-- REQUIRED WORK --
Exact copies of all the records are to be printed.

── DATA IN THIS EXERCISE ──

definition spreads_to :: "'a set \<Rightarrow> (bool \<Rightarrow> 'a set) \<Rightarrow> bool" where
  "spreads_to V W \<longleftrightarrow>
     (\<forall>F. finite F \<and> F \<subseteq> nonempty_open_subsets V \<longrightarrow> (\<exists>n. \<forall>U\<in>F. meets_both n U W))"

lemma meets_both_imp_later:
  assumes "meets_both t' U W"
    and close: "\<forall>m\<le>t. \<forall>y\<in>U. \<forall>z\<in>U. dist (comp_seq f m y) (comp_seq f m z) < \<gamma>"
    and gap: "\<And>x y. x \<in> W False \<Longrightarrow> y \<in> W True \<Longrightarrow> \<gamma> \<le> dist x y"
  shows "t < t'"
proof (rule ccontr)
  assume "\<not> t < t'"
  obtain y z where "y \<in> U" "z \<in> U" "comp_seq f t' y \<in> W False" "comp_seq f t' z \<in> W True"
    using assms(1) unfolding meets_both_def by blast
  moreover have "t' \<le> t"
    using \<open>\<not> t < t'\<close> by simp
  ultimately have "dist (comp_seq f t' y) (comp_seq f t' z) < \<gamma>"
    using close by blast
  moreover have "\<gamma> \<le> dist (comp_seq f t' y) (comp_seq f t' z)"
    using gap \<open>comp_seq f t' y \<in> W False\<close> \<open>comp_seq f t' z \<in> W True\<close> .
  ultimately show False
    by simp
qed

text \<open>Shrinking the sets first, so that their orbits stay \<open>\<gamma>\<close>-close up to time \<open>t\<close>, forces the
  common time provided by \<open>spreads_to\<close> to exceed \<open>t\<close>.\<close>
lemma spreads_to_split:
  assumes spreads: "spreads_to V W" and W: "\<And>b. open (W b)"
    and "\<gamma> > 0" and gap: "\<And>x y. x \<in> W False \<Longrightarrow> y \<in> W True \<Longrightarrow> \<gamma> \<le> dist x y"
    and "finite B" "B \<noteq> {}" and L: "\<And>\<beta>. \<beta> \<in> B \<Longrightarrow> L \<beta> \<in> nonempty_open_subsets V"
  shows "\<exists>t'>t. \<exists>L'. \<forall>\<beta>\<in>B. \<forall>b. L' \<beta> b \<in> nonempty_open_subsets (L \<beta>) \<and> comp_seq f t' ` L' \<beta> b \<subseteq> W b"
proof -
  have "\<forall>\<beta>\<in>B. \<exists>U. U \<in> nonempty_open_subsets (L \<beta>) \<and>
      (\<forall>m\<le>t. \<forall>y\<in>U. \<forall>z\<in>U. dist (comp_seq f m y) (comp_seq f m z) < \<gamma>)"
    using exists_subset_with_close_orbits[OF L \<open>\<gamma> > 0\<close>] by blast
  from bchoice[OF this] obtain L0 where L0: "\<forall>\<beta>\<in>B. L0 \<beta> \<in> nonempty_open_subsets (L \<beta>) \<and>
      (\<forall>m\<le>t. \<forall>y\<in>L0 \<beta>. \<forall>z\<in>L0 \<beta>. dist (comp_seq f m y) (comp_seq f m z) < \<gamma>)"
    by blast
  have "L0 ` B \<subseteq> nonempty_open_subsets V"
    using L0 L unfolding nonempty_open_subsets_def by blast
  then have "\<exists>n. \<forall>U\<in>L0 ` B. meets_both n U W"
    using spreads[unfolded spreads_to_def, rule_format, of "L0 ` B"] \<open>finite B\<close> by blast
  then obtain t' where meets: "\<And>\<beta>. \<beta> \<in> B \<Longrightarrow> meets_both t' (L0 \<beta>) W"
    by blast
  obtain \<beta> where "\<beta> \<in> B"
    using \<open>B \<noteq> {}\<close> by blast
  then have "\<forall>m\<le>t. \<forall>y\<in>L0 \<beta>. \<forall>z\<in>L0 \<beta>. dist (comp_seq f m y) (comp_seq f m z) < \<gamma>"
    using L0 by blast
  then have "t < t'"
    by (rule meets_both_imp_later[OF meets[OF \<open>\<beta> \<in> B\<close>] _ gap])
  define L' where "L' \<beta> b = L0 \<beta> \<inter> (X \<inter> comp_seq f t' -` W b)" for \<beta> b
  have "L' \<beta> b \<in> nonempty_open_subsets (L \<beta>)" if "\<beta> \<in> B" for \<beta> b
  proof -
    have "openin (top_of_set X) (L0 \<beta>)" "L0 \<beta> \<subseteq> L \<beta>"
      using L0 that unfolding nonempty_open_subsets_def by auto
    moreover have "L' \<beta> b \<noteq> {}"
      using meets[OF that] openin_imp_subset[OF \<open>openin (top_of_set X) (L0 \<beta>)\<close>]
      unfolding meets_both_def L'_def by fastforce
    ultimately show ?thesis
      unfolding nonempty_open_subsets_def L'_def
      using openin_comp_seq_preimage[OF W] by blast
  qed
  moreover have "comp_seq f t' ` L' \<beta> b \<subseteq> W b" for \<beta> b
    unfolding L'_def by blast
  ultimately show ?thesis
    using \<open>t < t'\<close> by blast
qed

───

-- FINAL ANSWER --
definition spreads_to :: "'a set \<Rightarrow> (bool \<Rightarrow> 'a set) \<Rightarrow> bool" where
  "spreads_to V W \<longleftrightarrow>
     (\<forall>F. finite F \<and> F \<subseteq> nonempty_open_subsets V \<longrightarrow> (\<exists>n. \<forall>U\<in>F. meets_both n U W))"

lemma meets_both_imp_later:
  assumes "meets_both t' U W"
    and close: "\<forall>m\<le>t. \<forall>y\<in>U. \<forall>z\<in>U. dist (comp_seq f m y) (comp_seq f m z) < \<gamma>"
    and gap: "\<And>x y. x \<in> W False \<Longrightarrow> y \<in> W True \<Longrightarrow> \<gamma> \<le> dist x y"
  shows "t < t'"
proof (rule ccontr)
  assume "\<not> t < t'"
  obtain y z where "y \<in> U" "z \<in> U" "comp_seq f t' y \<in> W False" "comp_seq f t' z \<in> W True"
    using assms(1) unfolding meets_both_def by blast
  moreover have "t' \<le> t"
    using \<open>\<not> t < t'\<close> by simp
  ultimately have "dist (comp_seq f t' y) (comp_seq f t' z) < \<gamma>"
    using close by blast
  moreover have "\<gamma> \<le> dist (comp_seq f t' y) (comp_seq f t' z)"
    using gap \<open>comp_seq f t' y \<in> W False\<close> \<open>comp_seq f t' z \<in> W True\<close> .
  ultimately show False
    by simp
qed

text \<open>Shrinking the sets first, so that their orbits stay \<open>\<gamma>\<close>-close up to time \<open>t\<close>, forces the
  common time provided by \<open>spreads_to\<close> to exceed \<open>t\<close>.\<close>
lemma spreads_to_split:
  assumes spreads: "spreads_to V W" and W: "\<And>b. open (W b)"
    and "\<gamma> > 0" and gap: "\<And>x y. x \<in> W False \<Longrightarrow> y \<in> W True \<Longrightarrow> \<gamma> \<le> dist x y"
    and "finite B" "B \<noteq> {}" and L: "\<And>\<beta>. \<beta> \<in> B \<Longrightarrow> L \<beta> \<in> nonempty_open_subsets V"
  shows "\<exists>t'>t. \<exists>L'. \<forall>\<beta>\<in>B. \<forall>b. L' \<beta> b \<in> nonempty_open_subsets (L \<beta>) \<and> comp_seq f t' ` L' \<beta> b \<subseteq> W b"
proof -
  have "\<forall>\<beta>\<in>B. \<exists>U. U \<in> nonempty_open_subsets (L \<beta>) \<and>
      (\<forall>m\<le>t. \<forall>y\<in>U. \<forall>z\<in>U. dist (comp_seq f m y) (comp_seq f m z) < \<gamma>)"
    using exists_subset_with_close_orbits[OF L \<open>\<gamma> > 0\<close>] by blast
  from bchoice[OF this] obtain L0 where L0: "\<forall>\<beta>\<in>B. L0 \<beta> \<in> nonempty_open_subsets (L \<beta>) \<and>
      (\<forall>m\<le>t. \<forall>y\<in>L0 \<beta>. \<forall>z\<in>L0 \<beta>. dist (comp_seq f m y) (comp_seq f m z) < \<gamma>)"
    by blast
  have "L0 ` B \<subseteq> nonempty_open_subsets V"
    using L0 L unfolding nonempty_open_subsets_def by blast
  then have "\<exists>n. \<forall>U\<in>L0 ` B. meets_both n U W"
    using spreads[unfolded spreads_to_def, rule_format, of "L0 ` B"] \<open>finite B\<close> by blast
  then obtain t' where meets: "\<And>\<beta>. \<beta> \<in> B \<Longrightarrow> meets_both t' (L0 \<beta>) W"
    by blast
  obtain \<beta> where "\<beta> \<in> B"
    using \<open>B \<noteq> {}\<close> by blast
  then have "\<forall>m\<le>t. \<forall>y\<in>L0 \<beta>. \<forall>z\<in>L0 \<beta>. dist (comp_seq f m y) (comp_seq f m z) < \<gamma>"
    using L0 by blast
  then have "t < t'"
    by (rule meets_both_imp_later[OF meets[OF \<open>\<beta> \<in> B\<close>] _ gap])
  define L' where "L' \<beta> b = L0 \<beta> \<inter> (X \<inter> comp_seq f t' -` W b)" for \<beta> b
  have "L' \<beta> b \<in> nonempty_open_subsets (L \<beta>)" if "\<beta> \<in> B" for \<beta> b
  proof -
    have "openin (top_of_set X) (L0 \<beta>)" "L0 \<beta> \<subseteq> L \<beta>"
      using L0 that unfolding nonempty_open_subsets_def by auto
    moreover have "L' \<beta> b \<noteq> {}"
      using meets[OF that] openin_imp_subset[OF \<open>openin (top_of_set X) (L0 \<beta>)\<close>]
      unfolding meets_both_def L'_def by fastforce
    ultimately show ?thesis
      unfolding nonempty_open_subsets_def L'_def
      using openin_comp_seq_preimage[OF W] by blast
  qed
  moreover have "comp_seq f t' ` L' \<beta> b \<subseteq> W b" for \<beta> b
    unfolding L'_def by blast
  ultimately show ?thesis
    using \<open>t < t'\<close> by blast
qed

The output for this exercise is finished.